Asked whether Anna Hazare's recent fast and the accompanying public support reflected an erosion of the country's political society, Dr. Singh said: “As far as Anna Hazareji is concerned, I respect (him) as an important leader who has done a lot of good work in rural development and this is why the whole country respects him.”
On his recent statement on the “shifting of power” to people and whether it had domestic context as well, Dr. Singh said: “There is both. We have to take note of the fact that the people's power is something to be reckoned with.
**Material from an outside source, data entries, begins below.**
(* Let $M=B\circ S$ where $S$ is Poisson subsampling with rate $r\in[0,1]$ and $B$ is any base mechanism, and let the batch relation be insertion/removal $\simeq_{\pm}$ with induced distance $d_{\mathbb Y}$. Then for all $x\simeq_{K_+,K_-}x'$, $$\Psi_\alpha(m_x\|m_{x'})\le\max_{\mathbf y}\Psi_\alpha\Big(\sum_{i=1}^{K_-+1}b_{y^{(1)}_i}\,\mathrm{Binom}(i-1\mid K_-,r)\ \Big\|\ \sum_{j=1}^{K_++1}b_{y^{(2)}_j}\,\mathrm{Binom}(j-1\mid K_+,r)\Big),$$ where the maximum is over $\mathbf y=(\mathbf y^{(1)},\mathbf y^{(2)})\in\mathbb Y^{K_-+1}\times\mathbb Y^{K_++1}$ subject to $d_{\mathbb Y}(y^{(l)}_t,y^{(l)}_u)\le|t-u|$ for $l\in\{1,2\}$ and all $t,u$, and $d_{\mathbb Y}(y^{(1)}_t,y^{(2)}_u)\le(t-1)+(u-1)$ for all $t,u$.
   Context: Finite set $\mathbb A$, datasets $x\subseteq\mathbb A$, batches are subsets $y\subseteq x$. Poisson subsampling with rate $r$ has pmf $s_x(y)=r^{|y|}(1-r)^{|x|-|y|}$ for $y\subseteq x$. Base mechanism $B$: each batch $y$ has density $b_y$ on $\mathbb R^D$; $m_x(z)=\sum_y b_y(z)s_x(y)$. Insertion/removal: $y\simeq_\pm y'$ iff $y'=y\cup\{a\}$ for some $a\notin y$ or $y'=y\setminus\{a\}$ for some $a\in y$; $d_{\mathbb Y}$ is the induced distance (length of shortest chain of neighbors). Datasets $x\simeq_{K_+,K_-}x'$ iff $x'=(x\setminus g_-)\cup g_+$ for some $g_-\subseteq x$ with $|g_-|=K_-$ and $g_+$ disjoint from $x$ with $|g_+|=K_+$. $\mathrm{Binom}(k\mid n,r)=\binom nk r^k(1-r)^{n-k}$. $H_\alpha(p\|q)=\int\max\{p-\alpha q,0\}$ ($\alpha\ge0$), $\Lambda_\alpha(p\|q)=\int p^\alpha q^{1-\alpha}$ ($\alpha>1$); $\Psi_\alpha$ is either. *)

theory Defs
  imports "HOL-Analysis.Analysis"
begin

text \<open>Ground set A is a finite type 'a; datasets and batches are sets of type 'a set;
  the batch space Y is UNIV :: 'a set set. Outputs live in 'b :: euclidean_space (R^D).\<close>

definition poisson_pmf :: "real \<Rightarrow> 'a set \<Rightarrow> 'a set \<Rightarrow> real" where
  "poisson_pmf r x y = (if y \<subseteq> x then r ^ card y * (1 - r) ^ (card x - card y) else 0)"

definition mixture_density ::
  "('a set \<Rightarrow> 'b \<Rightarrow> real) \<Rightarrow> real \<Rightarrow> 'a set \<Rightarrow> 'b \<Rightarrow> real" where
  "mixture_density b r x z = (\<Sum>y\<in>Pow x. b y z * poisson_pmf r x y)"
It is also happening internationally, in the Middle East, North Africa.”
The prime minister, however, added that he would not “like to pronounce authoritatively that I have an answer to what has gone wrong in that region.”
Meanwhile, despite the nuclear crisis in Japan, Singh batted for nuclear power as an essential option of energy and said the present ""nervousness"" in the world would end when the issue is discussed in a ""cool-headed"" manner, Times of India reported.
""We are too close to Japanese disaster,"" he told when asked why he continued to pursue nuclear cooperation with various countries despite the experience in Fukushima in Japan where the crisis was triggered by radiation leak after tsunami hit nuclear plants.
Singh noted that in the aftermath of the disaster, ""there is certain amount of nervousness over extensive use of nuclear power.""
He, however, said that he was ""convinced that all said and done, when cool-headed discussions take place on the future of energy, what are the problems with coal (reserves), what are the problems of other hydrocarbons in terms of impact on climate change, there would be reconsideration of the role of nuclear energy as one of the essential options which all countries must keep to deal with problems like climate change and energy security.